Pull out every line below containing the word "ptree".

Collected data entries
§ §
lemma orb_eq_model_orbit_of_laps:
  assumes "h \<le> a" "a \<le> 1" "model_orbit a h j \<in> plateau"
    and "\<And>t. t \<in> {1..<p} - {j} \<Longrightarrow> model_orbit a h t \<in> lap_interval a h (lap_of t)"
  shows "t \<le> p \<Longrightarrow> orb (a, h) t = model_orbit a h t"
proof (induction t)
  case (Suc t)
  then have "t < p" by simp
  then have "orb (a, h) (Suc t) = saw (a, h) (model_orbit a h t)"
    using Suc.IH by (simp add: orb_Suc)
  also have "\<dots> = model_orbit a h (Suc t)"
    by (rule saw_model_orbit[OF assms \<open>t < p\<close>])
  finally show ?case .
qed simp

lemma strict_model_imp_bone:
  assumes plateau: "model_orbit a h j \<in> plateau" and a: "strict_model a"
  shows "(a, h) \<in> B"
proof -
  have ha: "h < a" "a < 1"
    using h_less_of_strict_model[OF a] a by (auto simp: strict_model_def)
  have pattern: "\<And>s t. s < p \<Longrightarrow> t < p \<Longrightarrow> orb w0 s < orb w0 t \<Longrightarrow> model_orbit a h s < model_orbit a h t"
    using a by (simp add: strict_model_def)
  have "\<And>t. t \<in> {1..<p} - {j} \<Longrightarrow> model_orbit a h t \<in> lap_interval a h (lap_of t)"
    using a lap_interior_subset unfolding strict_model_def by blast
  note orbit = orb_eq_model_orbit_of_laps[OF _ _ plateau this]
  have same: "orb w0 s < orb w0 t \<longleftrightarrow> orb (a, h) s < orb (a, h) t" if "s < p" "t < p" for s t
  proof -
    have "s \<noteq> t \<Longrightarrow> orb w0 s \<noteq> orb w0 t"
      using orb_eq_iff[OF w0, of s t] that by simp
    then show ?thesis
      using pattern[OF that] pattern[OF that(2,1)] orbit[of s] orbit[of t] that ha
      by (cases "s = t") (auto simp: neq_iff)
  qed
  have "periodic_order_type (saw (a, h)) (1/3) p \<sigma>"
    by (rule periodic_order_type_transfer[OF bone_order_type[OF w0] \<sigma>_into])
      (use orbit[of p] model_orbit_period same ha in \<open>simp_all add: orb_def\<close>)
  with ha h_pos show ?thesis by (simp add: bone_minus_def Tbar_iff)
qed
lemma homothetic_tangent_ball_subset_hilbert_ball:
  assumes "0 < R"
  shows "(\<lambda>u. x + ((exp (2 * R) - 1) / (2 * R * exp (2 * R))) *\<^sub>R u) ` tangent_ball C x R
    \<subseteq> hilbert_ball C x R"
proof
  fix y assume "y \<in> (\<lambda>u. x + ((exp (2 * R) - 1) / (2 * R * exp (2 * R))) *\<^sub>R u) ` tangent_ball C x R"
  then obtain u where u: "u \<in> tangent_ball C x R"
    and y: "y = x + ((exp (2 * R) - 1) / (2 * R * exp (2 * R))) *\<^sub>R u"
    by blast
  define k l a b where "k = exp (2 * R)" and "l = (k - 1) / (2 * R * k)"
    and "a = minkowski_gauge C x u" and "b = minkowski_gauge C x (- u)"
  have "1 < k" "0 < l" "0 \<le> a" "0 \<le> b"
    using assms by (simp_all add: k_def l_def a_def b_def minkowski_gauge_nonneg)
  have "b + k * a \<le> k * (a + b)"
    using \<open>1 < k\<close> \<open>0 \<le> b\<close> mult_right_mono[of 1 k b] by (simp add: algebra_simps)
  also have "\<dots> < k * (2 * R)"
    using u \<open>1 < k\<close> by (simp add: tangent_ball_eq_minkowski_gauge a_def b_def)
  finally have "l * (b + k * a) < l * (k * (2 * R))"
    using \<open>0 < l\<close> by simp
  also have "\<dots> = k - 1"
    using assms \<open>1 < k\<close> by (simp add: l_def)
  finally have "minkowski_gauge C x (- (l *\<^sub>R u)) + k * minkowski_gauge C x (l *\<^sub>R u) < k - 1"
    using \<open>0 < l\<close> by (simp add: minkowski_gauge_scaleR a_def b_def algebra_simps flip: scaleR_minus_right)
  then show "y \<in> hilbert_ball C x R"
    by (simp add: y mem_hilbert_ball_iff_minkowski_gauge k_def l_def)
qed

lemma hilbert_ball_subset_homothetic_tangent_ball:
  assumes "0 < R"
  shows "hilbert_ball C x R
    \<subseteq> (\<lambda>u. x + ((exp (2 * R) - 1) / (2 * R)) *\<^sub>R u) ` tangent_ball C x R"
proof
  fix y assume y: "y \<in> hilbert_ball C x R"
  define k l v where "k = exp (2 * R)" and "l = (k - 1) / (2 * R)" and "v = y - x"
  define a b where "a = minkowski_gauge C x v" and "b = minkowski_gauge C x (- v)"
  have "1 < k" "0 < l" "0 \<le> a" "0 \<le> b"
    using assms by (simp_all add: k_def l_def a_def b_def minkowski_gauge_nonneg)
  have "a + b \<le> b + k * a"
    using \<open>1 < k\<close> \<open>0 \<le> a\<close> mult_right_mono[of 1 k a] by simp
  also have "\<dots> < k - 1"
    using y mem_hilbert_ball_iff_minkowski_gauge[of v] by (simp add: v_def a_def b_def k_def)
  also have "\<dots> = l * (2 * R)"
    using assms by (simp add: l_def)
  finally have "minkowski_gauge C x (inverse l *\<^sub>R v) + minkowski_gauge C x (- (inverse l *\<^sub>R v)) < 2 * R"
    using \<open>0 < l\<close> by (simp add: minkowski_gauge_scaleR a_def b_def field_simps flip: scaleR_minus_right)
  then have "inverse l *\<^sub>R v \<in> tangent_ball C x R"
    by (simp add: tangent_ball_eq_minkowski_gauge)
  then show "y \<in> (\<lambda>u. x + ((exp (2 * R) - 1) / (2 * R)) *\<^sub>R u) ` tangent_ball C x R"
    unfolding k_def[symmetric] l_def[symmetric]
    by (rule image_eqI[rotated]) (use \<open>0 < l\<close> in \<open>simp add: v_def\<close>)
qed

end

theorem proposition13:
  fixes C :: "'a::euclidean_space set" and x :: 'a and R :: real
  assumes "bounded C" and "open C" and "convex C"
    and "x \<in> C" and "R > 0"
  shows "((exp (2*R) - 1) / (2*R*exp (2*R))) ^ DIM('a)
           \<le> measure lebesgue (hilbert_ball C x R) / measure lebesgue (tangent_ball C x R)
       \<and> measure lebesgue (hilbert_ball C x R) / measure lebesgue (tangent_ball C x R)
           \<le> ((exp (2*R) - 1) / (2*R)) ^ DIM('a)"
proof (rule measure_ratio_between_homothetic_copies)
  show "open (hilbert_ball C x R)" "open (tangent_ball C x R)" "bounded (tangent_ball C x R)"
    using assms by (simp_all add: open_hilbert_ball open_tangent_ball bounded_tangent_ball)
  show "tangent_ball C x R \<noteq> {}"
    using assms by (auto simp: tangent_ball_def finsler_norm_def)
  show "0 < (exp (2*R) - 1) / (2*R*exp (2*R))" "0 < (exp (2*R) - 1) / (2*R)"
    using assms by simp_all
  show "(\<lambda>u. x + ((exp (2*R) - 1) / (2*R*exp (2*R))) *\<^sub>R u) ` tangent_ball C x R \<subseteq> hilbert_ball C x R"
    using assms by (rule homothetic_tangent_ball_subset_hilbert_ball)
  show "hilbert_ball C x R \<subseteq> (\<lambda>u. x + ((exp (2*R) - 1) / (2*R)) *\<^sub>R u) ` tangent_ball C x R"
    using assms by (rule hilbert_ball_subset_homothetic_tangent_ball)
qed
§ §
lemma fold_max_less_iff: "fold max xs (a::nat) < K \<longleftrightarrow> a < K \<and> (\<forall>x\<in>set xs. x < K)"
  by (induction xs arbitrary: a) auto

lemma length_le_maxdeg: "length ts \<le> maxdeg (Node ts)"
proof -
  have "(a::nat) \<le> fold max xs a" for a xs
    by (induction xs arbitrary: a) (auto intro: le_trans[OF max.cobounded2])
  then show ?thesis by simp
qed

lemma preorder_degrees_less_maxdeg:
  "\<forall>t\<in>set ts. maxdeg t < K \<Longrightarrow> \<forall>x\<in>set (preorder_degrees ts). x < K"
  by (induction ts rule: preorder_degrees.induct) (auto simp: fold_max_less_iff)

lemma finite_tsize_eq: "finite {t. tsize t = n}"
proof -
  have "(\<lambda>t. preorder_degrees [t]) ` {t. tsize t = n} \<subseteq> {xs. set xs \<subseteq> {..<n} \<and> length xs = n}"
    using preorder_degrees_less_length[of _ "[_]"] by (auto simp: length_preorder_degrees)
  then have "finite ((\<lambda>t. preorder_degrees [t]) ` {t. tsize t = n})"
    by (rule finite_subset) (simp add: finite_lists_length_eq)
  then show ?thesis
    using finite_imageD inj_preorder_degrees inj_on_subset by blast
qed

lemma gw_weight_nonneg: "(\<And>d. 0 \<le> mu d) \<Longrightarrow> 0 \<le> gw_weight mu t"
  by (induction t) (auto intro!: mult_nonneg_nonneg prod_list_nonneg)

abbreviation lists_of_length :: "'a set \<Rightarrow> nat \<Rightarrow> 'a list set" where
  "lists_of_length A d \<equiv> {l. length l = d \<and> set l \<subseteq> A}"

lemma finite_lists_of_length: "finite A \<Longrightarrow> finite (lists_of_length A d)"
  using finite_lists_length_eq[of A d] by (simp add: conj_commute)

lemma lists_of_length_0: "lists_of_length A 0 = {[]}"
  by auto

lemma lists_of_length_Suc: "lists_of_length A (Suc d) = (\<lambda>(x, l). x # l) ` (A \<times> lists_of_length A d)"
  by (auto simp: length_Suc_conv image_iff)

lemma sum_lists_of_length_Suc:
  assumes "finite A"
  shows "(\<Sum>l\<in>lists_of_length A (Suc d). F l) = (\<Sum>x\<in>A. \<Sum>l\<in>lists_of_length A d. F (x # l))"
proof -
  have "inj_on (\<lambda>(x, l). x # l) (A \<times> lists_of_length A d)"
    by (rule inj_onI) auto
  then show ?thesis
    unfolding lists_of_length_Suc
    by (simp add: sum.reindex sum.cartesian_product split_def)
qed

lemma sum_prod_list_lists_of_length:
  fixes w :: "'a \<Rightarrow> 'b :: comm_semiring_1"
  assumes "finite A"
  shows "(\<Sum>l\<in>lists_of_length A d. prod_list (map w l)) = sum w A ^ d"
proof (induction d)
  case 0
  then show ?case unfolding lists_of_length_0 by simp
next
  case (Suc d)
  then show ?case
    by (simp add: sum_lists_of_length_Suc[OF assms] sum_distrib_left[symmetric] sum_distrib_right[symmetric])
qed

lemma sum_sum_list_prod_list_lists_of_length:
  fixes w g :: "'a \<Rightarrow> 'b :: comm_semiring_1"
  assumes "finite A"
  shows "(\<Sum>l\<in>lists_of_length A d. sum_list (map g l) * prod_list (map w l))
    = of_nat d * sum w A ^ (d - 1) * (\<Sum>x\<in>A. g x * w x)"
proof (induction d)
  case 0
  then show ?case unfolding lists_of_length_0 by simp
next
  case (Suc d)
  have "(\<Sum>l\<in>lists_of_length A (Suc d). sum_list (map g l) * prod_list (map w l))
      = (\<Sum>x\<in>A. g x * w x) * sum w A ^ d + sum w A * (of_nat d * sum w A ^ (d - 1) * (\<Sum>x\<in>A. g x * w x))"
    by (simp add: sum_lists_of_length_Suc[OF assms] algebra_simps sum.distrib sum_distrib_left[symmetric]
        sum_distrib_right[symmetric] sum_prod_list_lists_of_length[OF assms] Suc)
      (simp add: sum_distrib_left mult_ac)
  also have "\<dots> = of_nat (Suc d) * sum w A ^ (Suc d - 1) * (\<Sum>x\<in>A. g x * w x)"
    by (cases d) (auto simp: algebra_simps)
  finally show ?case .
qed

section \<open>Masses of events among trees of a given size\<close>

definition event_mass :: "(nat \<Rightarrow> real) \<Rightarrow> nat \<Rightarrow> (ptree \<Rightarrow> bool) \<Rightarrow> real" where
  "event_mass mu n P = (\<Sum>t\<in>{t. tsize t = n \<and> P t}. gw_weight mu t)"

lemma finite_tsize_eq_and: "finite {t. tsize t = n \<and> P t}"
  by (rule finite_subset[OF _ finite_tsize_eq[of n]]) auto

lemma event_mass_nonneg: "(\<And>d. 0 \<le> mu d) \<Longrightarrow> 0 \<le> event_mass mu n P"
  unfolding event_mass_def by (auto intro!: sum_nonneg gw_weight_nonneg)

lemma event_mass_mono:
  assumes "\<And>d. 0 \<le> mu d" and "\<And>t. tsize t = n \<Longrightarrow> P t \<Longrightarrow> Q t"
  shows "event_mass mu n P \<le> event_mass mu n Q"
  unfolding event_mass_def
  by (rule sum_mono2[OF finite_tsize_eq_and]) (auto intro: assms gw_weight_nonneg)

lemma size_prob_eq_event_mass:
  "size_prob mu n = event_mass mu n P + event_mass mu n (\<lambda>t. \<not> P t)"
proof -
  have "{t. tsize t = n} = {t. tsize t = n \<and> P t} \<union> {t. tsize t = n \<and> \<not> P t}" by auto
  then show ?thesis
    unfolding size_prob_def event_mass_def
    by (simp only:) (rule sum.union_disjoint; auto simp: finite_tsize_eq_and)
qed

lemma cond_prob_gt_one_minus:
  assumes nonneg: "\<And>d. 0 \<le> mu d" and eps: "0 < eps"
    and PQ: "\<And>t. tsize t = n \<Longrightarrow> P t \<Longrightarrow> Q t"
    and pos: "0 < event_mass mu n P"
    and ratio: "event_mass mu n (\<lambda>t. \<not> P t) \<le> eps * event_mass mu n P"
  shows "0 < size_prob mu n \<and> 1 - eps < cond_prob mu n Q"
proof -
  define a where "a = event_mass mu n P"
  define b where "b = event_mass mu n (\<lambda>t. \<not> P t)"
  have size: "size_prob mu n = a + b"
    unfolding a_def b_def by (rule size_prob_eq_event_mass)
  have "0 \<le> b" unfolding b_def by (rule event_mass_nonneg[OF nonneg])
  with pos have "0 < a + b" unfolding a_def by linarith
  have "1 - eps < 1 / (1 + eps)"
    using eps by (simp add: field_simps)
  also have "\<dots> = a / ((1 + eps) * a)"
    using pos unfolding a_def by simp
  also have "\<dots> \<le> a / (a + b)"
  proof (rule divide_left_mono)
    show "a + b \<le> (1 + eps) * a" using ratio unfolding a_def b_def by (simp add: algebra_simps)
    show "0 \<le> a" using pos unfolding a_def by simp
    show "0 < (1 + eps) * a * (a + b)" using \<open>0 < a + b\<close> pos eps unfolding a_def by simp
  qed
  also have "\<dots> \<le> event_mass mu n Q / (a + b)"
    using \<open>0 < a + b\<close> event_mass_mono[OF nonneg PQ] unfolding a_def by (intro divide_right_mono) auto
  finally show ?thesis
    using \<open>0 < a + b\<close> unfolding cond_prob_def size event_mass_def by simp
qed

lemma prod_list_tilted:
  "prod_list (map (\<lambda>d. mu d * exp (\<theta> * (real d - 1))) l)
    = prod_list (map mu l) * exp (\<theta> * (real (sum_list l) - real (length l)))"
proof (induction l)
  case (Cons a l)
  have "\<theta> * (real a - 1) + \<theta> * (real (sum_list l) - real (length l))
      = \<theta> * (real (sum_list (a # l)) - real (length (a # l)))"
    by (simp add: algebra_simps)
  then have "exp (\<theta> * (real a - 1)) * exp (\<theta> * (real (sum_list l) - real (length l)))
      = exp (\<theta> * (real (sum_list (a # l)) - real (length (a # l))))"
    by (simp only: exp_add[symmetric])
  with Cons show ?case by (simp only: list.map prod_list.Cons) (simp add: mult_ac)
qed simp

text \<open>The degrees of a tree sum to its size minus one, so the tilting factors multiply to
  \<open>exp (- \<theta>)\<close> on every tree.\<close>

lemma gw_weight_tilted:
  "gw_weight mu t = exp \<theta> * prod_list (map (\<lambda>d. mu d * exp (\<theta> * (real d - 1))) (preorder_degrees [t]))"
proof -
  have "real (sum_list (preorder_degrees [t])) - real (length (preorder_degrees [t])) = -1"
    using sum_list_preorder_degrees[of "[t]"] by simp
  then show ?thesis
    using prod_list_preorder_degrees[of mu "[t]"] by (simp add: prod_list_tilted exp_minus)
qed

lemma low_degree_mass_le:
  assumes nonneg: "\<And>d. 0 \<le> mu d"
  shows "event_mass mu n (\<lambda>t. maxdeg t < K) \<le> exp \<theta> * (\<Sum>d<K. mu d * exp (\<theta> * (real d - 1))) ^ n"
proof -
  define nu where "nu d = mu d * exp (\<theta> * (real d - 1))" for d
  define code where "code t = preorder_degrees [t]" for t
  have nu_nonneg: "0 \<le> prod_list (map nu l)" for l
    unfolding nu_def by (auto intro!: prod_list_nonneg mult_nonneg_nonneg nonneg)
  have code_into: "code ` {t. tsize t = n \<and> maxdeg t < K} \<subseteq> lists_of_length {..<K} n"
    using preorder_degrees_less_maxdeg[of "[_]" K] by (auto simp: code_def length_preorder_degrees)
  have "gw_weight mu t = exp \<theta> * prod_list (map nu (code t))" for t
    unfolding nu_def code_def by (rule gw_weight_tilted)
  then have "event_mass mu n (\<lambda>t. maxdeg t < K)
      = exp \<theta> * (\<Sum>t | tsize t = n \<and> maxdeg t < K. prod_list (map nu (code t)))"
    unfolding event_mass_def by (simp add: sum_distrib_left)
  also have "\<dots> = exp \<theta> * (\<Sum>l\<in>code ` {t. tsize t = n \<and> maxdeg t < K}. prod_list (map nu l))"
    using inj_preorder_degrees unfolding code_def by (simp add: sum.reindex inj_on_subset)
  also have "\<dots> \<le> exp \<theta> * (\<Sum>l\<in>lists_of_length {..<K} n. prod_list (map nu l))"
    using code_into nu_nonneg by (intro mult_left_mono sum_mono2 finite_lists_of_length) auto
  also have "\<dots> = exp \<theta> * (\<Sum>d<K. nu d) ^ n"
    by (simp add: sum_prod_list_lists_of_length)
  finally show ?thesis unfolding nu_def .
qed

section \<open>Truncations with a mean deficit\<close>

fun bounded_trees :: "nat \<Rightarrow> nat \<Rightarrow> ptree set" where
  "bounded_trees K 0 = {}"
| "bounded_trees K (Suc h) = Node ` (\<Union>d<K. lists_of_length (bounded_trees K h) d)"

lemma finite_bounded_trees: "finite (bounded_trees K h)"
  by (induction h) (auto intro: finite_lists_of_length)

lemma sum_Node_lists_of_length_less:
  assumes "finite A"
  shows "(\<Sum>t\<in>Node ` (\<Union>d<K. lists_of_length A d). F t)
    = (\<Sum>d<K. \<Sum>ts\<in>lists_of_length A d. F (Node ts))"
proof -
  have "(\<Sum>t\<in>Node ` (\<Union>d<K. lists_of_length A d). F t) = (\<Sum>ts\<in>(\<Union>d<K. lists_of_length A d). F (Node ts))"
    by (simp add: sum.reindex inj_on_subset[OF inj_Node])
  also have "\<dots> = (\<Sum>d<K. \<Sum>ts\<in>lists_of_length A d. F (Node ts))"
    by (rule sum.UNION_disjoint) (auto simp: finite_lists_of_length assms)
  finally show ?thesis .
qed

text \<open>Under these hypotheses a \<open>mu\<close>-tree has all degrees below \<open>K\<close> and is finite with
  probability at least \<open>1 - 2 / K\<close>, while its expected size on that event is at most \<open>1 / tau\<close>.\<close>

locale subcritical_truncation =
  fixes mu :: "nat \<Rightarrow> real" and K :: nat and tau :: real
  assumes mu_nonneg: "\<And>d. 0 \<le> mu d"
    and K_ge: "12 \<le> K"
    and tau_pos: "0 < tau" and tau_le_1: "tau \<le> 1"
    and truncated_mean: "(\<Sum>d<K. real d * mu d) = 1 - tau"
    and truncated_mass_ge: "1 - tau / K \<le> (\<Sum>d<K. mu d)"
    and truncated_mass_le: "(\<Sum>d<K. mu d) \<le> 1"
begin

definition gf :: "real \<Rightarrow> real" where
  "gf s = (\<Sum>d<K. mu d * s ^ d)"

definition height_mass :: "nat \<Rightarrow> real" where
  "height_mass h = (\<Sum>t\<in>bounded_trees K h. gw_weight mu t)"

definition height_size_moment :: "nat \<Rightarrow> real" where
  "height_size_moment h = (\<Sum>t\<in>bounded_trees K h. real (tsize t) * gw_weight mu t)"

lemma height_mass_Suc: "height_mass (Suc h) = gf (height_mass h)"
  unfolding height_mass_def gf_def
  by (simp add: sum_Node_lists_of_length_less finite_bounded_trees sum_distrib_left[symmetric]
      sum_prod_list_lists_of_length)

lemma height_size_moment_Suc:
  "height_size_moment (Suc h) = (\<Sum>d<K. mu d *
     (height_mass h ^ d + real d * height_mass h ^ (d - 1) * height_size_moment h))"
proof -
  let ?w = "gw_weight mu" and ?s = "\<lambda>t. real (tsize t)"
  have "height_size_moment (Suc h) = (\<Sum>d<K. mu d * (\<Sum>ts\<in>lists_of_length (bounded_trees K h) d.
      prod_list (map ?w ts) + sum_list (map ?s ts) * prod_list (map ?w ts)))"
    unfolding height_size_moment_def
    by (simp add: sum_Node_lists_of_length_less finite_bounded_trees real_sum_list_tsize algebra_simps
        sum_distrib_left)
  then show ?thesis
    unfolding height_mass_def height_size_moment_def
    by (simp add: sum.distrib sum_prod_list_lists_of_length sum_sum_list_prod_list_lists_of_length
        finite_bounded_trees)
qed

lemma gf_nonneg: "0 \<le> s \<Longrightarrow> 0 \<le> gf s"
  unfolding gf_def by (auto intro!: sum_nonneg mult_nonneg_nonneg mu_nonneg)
§ §
Result below =>
definition event_mass :: "(nat \<Rightarrow> real) \<Rightarrow> nat \<Rightarrow> (ptree \<Rightarrow> bool) \<Rightarrow> real" where
fun bounded_trees :: "nat \<Rightarrow> nat \<Rightarrow> ptree set" where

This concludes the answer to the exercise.